Page 2 of 2 | Previous page
Fabius Maximus:
May 25th, 2007 at 2:41 am
Astonishing that the meaning of risk and uncertainty remains unclear to so many professionals for whom the distinction is vital.
The distinction is old. Modern analytical treatment perhaps starts with Frank H. Knight’s 1921 treatise “Risk, Uncertainty and Profit.”

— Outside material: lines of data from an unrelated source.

lemma int_neg_mod: "int (neg_mod x) = (- int x) mod int l"
proof -
  have "int (neg_mod x) = int ((l - x mod l) mod l)" by (simp add: neg_mod_def)
  also have "\<dots> = (int l - int (x mod l)) mod int l"
    using l_pos by (simp add: of_nat_mod of_nat_diff less_imp_le)
  also have "\<dots> = (- int (x mod l)) mod int l" by (simp add: mod_diff_left_eq[symmetric])
  also have "\<dots> = (- int x) mod int l" by (simp add: of_nat_mod mod_minus_eq)
  finally show ?thesis .
qed

lemma neg_mod_mult_power_q: "neg_mod ((s * q ^ j) mod l) = (neg_mod s * q ^ j) mod l"
proof -
  have "int (neg_mod ((s * q ^ j) mod l)) = (- int ((s * q ^ j) mod l)) mod int l" by (rule int_neg_mod)
  also have "\<dots> = (- (int s * int q ^ j)) mod int l" by (simp add: of_nat_mod mod_minus_eq)
  also have "\<dots> = (((- int s) mod int l) * int q ^ j) mod int l" by (simp add: mod_mult_left_eq)
  also have "\<dots> = int ((neg_mod s * q ^ j) mod l)" by (simp add: int_neg_mod of_nat_mod)
  finally show ?thesis by simp
qed

lemma neg_mod_image_coset: "neg_mod ` coset s = coset (neg_mod s)"
proof
  show "neg_mod ` coset s \<subseteq> coset (neg_mod s)"
    unfolding cyc_coset_def by (auto simp: neg_mod_mult_power_q)
  show "coset (neg_mod s) \<subseteq> neg_mod ` coset s"
  proof
    fix y assume "y \<in> coset (neg_mod s)"
    then obtain j where "y = (neg_mod s * q ^ j) mod l" by (auto simp: cyc_coset_def)
    then have "y = neg_mod ((s * q ^ j) mod l)" by (simp add: neg_mod_mult_power_q)
    moreover have "(s * q ^ j) mod l \<in> coset s" by (auto simp: cyc_coset_def)
    ultimately show "y \<in> neg_mod ` coset s" by blast
  qed
qed

lemma inj_on_neg_mod: "inj_on neg_mod (coset s)"
  by (rule inj_on_inverseI[where g = neg_mod]) (use coset_subset_lessThan neg_mod_neg_mod in blast)

abbreviation N where "N \<equiv> neg_rep q l"

lemma neg_rep_eq: "N s = Min (coset (neg_mod s))" by (simp add: neg_rep_def neg_mod_def)

lemma neg_rep_in_reps: "N s \<in> reps" by (simp add: neg_rep_eq Min_coset_in_reps)

lemma coset_neg_rep: "coset (N s) = coset (neg_mod s)"
  by (simp add: neg_rep_eq coset_eq_of_mem[OF Min_coset_mem])

lemma neg_rep_neg_rep: assumes "s \<in> reps" shows "N (N s) = s"
proof -
  have "N s \<in> coset (neg_mod s)" by (simp add: neg_rep_eq Min_coset_mem)
  then have "neg_mod (N s) \<in> coset (neg_mod (neg_mod s))" using neg_mod_image_coset by blast
  then have "neg_mod (N s) \<in> coset s" using neg_mod_neg_mod reps_less[OF assms] by simp
  then have "coset (neg_mod (N s)) = coset s" by (rule coset_eq_of_mem)
  then show ?thesis using assms by (simp add: neg_rep_eq cyc_reps_def)
qed
(* Let $R$ be a commutative ring and let $G=\{g_1=e,g_2,\dots,g_n\}$ be a finite group of order $n>1$ with this fixed listing of its elements. Then $\sigma(v)$ is symmetric for every $v\in RG$ if and only if $G$ is an abelian group of exponent $2$.
   Context: For $v=\sum_{g\in G}\alpha_g g\in RG$, $\sigma(v)$ is the $n\times n$ matrix over $R$ whose $(i,j)$ entry is $\alpha_{g_i^{-1}g_j}$. *)

theory Defs
  imports "HOL-Algebra.Algebra"
begin

text \<open>An element v of the group ring RG (G finite) is a coefficient function
  v : G \<rightarrow> R, v = sum of v(g) g.\<close>

definition group_ring_sigma ::
  "('a, 'b) monoid_scheme \<Rightarrow> (nat \<Rightarrow> 'a) \<Rightarrow> ('a \<Rightarrow> 'r) \<Rightarrow> nat \<Rightarrow> nat \<Rightarrow> 'r" where
  "group_ring_sigma G g v i j = v (inv\<^bsub>G\<^esub> (g i) \<otimes>\<^bsub>G\<^esub> g j)"

definition symmetric_matrix :: "nat \<Rightarrow> (nat \<Rightarrow> nat \<Rightarrow> 'r) \<Rightarrow> bool" where
  "symmetric_matrix n M \<longleftrightarrow> (\<forall>i\<in>{1..n}. \<forall>j\<in>{1..n}. M i j = M j i)"

definition group_exponent :: "('a, 'b) monoid_scheme \<Rightarrow> nat" where
  "group_exponent G = (LEAST m. 0 < m \<and> (\<forall>x\<in>carrier G. x [^]\<^bsub>G\<^esub> m = \<one>\<^bsub>G\<^esub>))"

end

theory Submission
  imports Defs "HOL-Algebra.Multiplicative_Group"
begin

text \<open>The (j,i) entry of \<open>\<sigma>(v)\<close> is v evaluated at the inverse of the argument of the
  (i,j) entry, and every group element occurs as such an argument. Hence \<open>\<sigma>(v)\<close> is
  symmetric for every v exactly when every element of G is its own inverse. Such a group is
  abelian, and when it is nontrivial its exponent is 2.\<close>

lemma (in group) inv_eq_self_iff_square_one:
  "x \<in> carrier G \<Longrightarrow> inv x = x \<longleftrightarrow> x \<otimes> x = \<one>"
  by (metis inv_equality r_inv)

lemma (in group) comm_group_if_square_one:
  assumes "\<And>x. x \<in> carrier G \<Longrightarrow> x \<otimes> x = \<one>"
  shows "comm_group G"
proof (rule group_comm_groupI)
  fix x y assume xy: "x \<in> carrier G" "y \<in> carrier G"
  have inv_self: "inv z = z" if "z \<in> carrier G" for z
    using assms that inv_eq_self_iff_square_one by blast
  have "x \<otimes> y = inv (x \<otimes> y)" using inv_self xy by simp
  also have "\<dots> = inv y \<otimes> inv x" using xy by (simp add: inv_mult_group)
  also have "\<dots> = y \<otimes> x" using inv_self xy by simp
  finally show "x \<otimes> y = y \<otimes> x" .
qed

lemma (in group) group_exponent_eq_2_iff:
  assumes "finite (carrier G)"
  shows "group_exponent G = 2 \<longleftrightarrow> carrier G \<noteq> {\<one>} \<and> (\<forall>x\<in>carrier G. x \<otimes> x = \<one>)"
proof -
  let ?P = "\<lambda>m::nat. 0 < m \<and> (\<forall>x\<in>carrier G. x [^] m = \<one>)"
  have exponent_eq_Least: "group_exponent G = (LEAST m. ?P m)"
    unfolding group_exponent_def ..
  have "?P (order G)"
    using assms pow_order_eq_1 order_gt_0_iff_finite by simp
  then have P_exponent: "?P (group_exponent G)"
    unfolding exponent_eq_Least by (rule LeastI)
  have "?P 1 \<longleftrightarrow> (\<forall>x\<in>carrier G. x = \<one>)"
    by (simp add: One_nat_def)
  also have "\<dots> \<longleftrightarrow> carrier G = {\<one>}"
    using one_closed by blast
  finally have P_1_iff: "?P 1 \<longleftrightarrow> carrier G = {\<one>}" .
  have P_2_iff: "?P 2 \<longleftrightarrow> (\<forall>x\<in>carrier G. x \<otimes> x = \<one>)"
    by (simp add: numeral_2_eq_2)
  show ?thesis
  proof
    assume exp: "group_exponent G = 2"
    have "\<not> ?P 1"
      using exp not_less_Least[of 1 ?P] unfolding exponent_eq_Least by linarith
    then show "carrier G \<noteq> {\<one>} \<and> (\<forall>x\<in>carrier G. x \<otimes> x = \<one>)"
      using P_exponent P_1_iff P_2_iff unfolding exp by blast
  next
    assume nontrivial_involutive: "carrier G \<noteq> {\<one>} \<and> (\<forall>x\<in>carrier G. x \<otimes> x = \<one>)"
    show "group_exponent G = 2"
      unfolding exponent_eq_Least
    proof (rule Least_equality)
      show "?P 2"
        using nontrivial_involutive P_2_iff by blast
      fix m assume "?P m"
      moreover have "m \<noteq> 1"
        using nontrivial_involutive P_1_iff calculation by blast
      ultimately show "2 \<le> m" by linarith
    qed
  qed
qed

lemma (in group) symmetric_group_ring_sigma_iff:
  assumes "g ` {1..n} = carrier G"
  shows "symmetric_matrix n (group_ring_sigma G g v) \<longleftrightarrow> (\<forall>x\<in>carrier G. v (inv x) = v x)"
proof
  assume sym: "symmetric_matrix n (group_ring_sigma G g v)"
  show "\<forall>x\<in>carrier G. v (inv x) = v x"
  proof
    fix x assume x: "x \<in> carrier G"
    obtain i where i: "i \<in> {1..n}" "g i = \<one>"
      using one_closed unfolding assms[symmetric] by (rule imageE) simp
    obtain j where j: "j \<in> {1..n}" "g j = x"
      using x unfolding assms[symmetric] by (rule imageE) simp
    have "group_ring_sigma G g v i j = group_ring_sigma G g v j i"
      using sym i(1) j(1) unfolding symmetric_matrix_def by blast
    then show "v (inv x) = v x"
      using x unfolding group_ring_sigma_def i(2) j(2) by simp
  qed
next
  assume v_inv: "\<forall>x\<in>carrier G. v (inv x) = v x"
  show "symmetric_matrix n (group_ring_sigma G g v)"
    unfolding symmetric_matrix_def group_ring_sigma_def
  proof (intro ballI)
    fix i j assume "i \<in> {1..n}" "j \<in> {1..n}"
    then have gij: "g i \<in> carrier G" "g j \<in> carrier G"
      unfolding assms[symmetric] by simp_all
    then have "inv (g j) \<otimes> g i = inv (inv (g i) \<otimes> g j)"
      by (simp add: inv_mult_group)
    then show "v (inv (g i) \<otimes> g j) = v (inv (g j) \<otimes> g i)"
      using v_inv gij by simp
  qed
qed

lemma (in group) all_symmetric_group_ring_sigma_iff:
  assumes "g ` {1..n} = carrier G"
  shows "(\<forall>v :: 'a \<Rightarrow> 'r :: zero_neq_one. symmetric_matrix n (group_ring_sigma G g v))
         \<longleftrightarrow> (\<forall>x\<in>carrier G. inv x = x)"
  unfolding symmetric_group_ring_sigma_iff[OF assms]
proof
  assume all_inv: "\<forall>v :: 'a \<Rightarrow> 'r. \<forall>x\<in>carrier G. v (inv x) = v x"
  show "\<forall>x\<in>carrier G. inv x = x"
  proof
    fix x assume x: "x \<in> carrier G"
    have "(if inv x = x then 1 else 0 :: 'r) = 1"
      using spec[OF all_inv, of "\<lambda>y. if y = x then 1 else 0"] x by simp
    then show "inv x = x"
      by (simp split: if_splits)
  qed
qed simp

theorem mainTheorem4:
  fixes G :: "('a, 'b) monoid_scheme"
    and g :: "nat \<Rightarrow> 'a"
    and n :: nat
  assumes "group G"
    and "finite (carrier G)"
    and "order G = n"
    and "n > 1"
    and "bij_betw g {1..n} (carrier G)"
    and "g 1 = \<one>\<^bsub>G\<^esub>"
  shows "(\<forall>v :: 'a \<Rightarrow> 'r :: comm_ring_1. symmetric_matrix n (group_ring_sigma G g v))
         \<longleftrightarrow> (comm_group G \<and> group_exponent G = 2)"
proof -
  interpret group G by fact
  have listing: "g ` {1..n} = carrier G"
    using assms(5) by (rule bij_betw_imp_surj_on)
  have nontrivial: "carrier G \<noteq> {\<one>\<^bsub>G\<^esub>}"
    using assms(3,4) unfolding order_def by auto
  have "(\<forall>v :: 'a \<Rightarrow> 'r. symmetric_matrix n (group_ring_sigma G g v))
        \<longleftrightarrow> (\<forall>x\<in>carrier G. inv\<^bsub>G\<^esub> x = x)"
    using listing by (rule all_symmetric_group_ring_sigma_iff)
  also have "\<dots> \<longleftrightarrow> (\<forall>x\<in>carrier G. x \<otimes>\<^bsub>G\<^esub> x = \<one>\<^bsub>G\<^esub>)"
    using inv_eq_self_iff_square_one by simp
  also have "\<dots> \<longleftrightarrow> comm_group G \<and> group_exponent G = 2"
    using comm_group_if_square_one group_exponent_eq_2_iff[OF assms(2)] nontrivial by blast
  finally show ?thesis .
qed

end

The most widely know definitions are those of John Maynard Keynes:
“By `uncertain’ knowledge, let me explain, I do not mean merely to distinguish what is known for certain from what is only probable. The game of roulette is not subject, in this sense, to uncertainty…The sense in which I am using the term is that in which the prospect of a European war is uncertain, or the price of copper and the rate of interest twenty years hence…About these matters there is no scientific basis on which to form any calculable probability whatever. We simply do not know.”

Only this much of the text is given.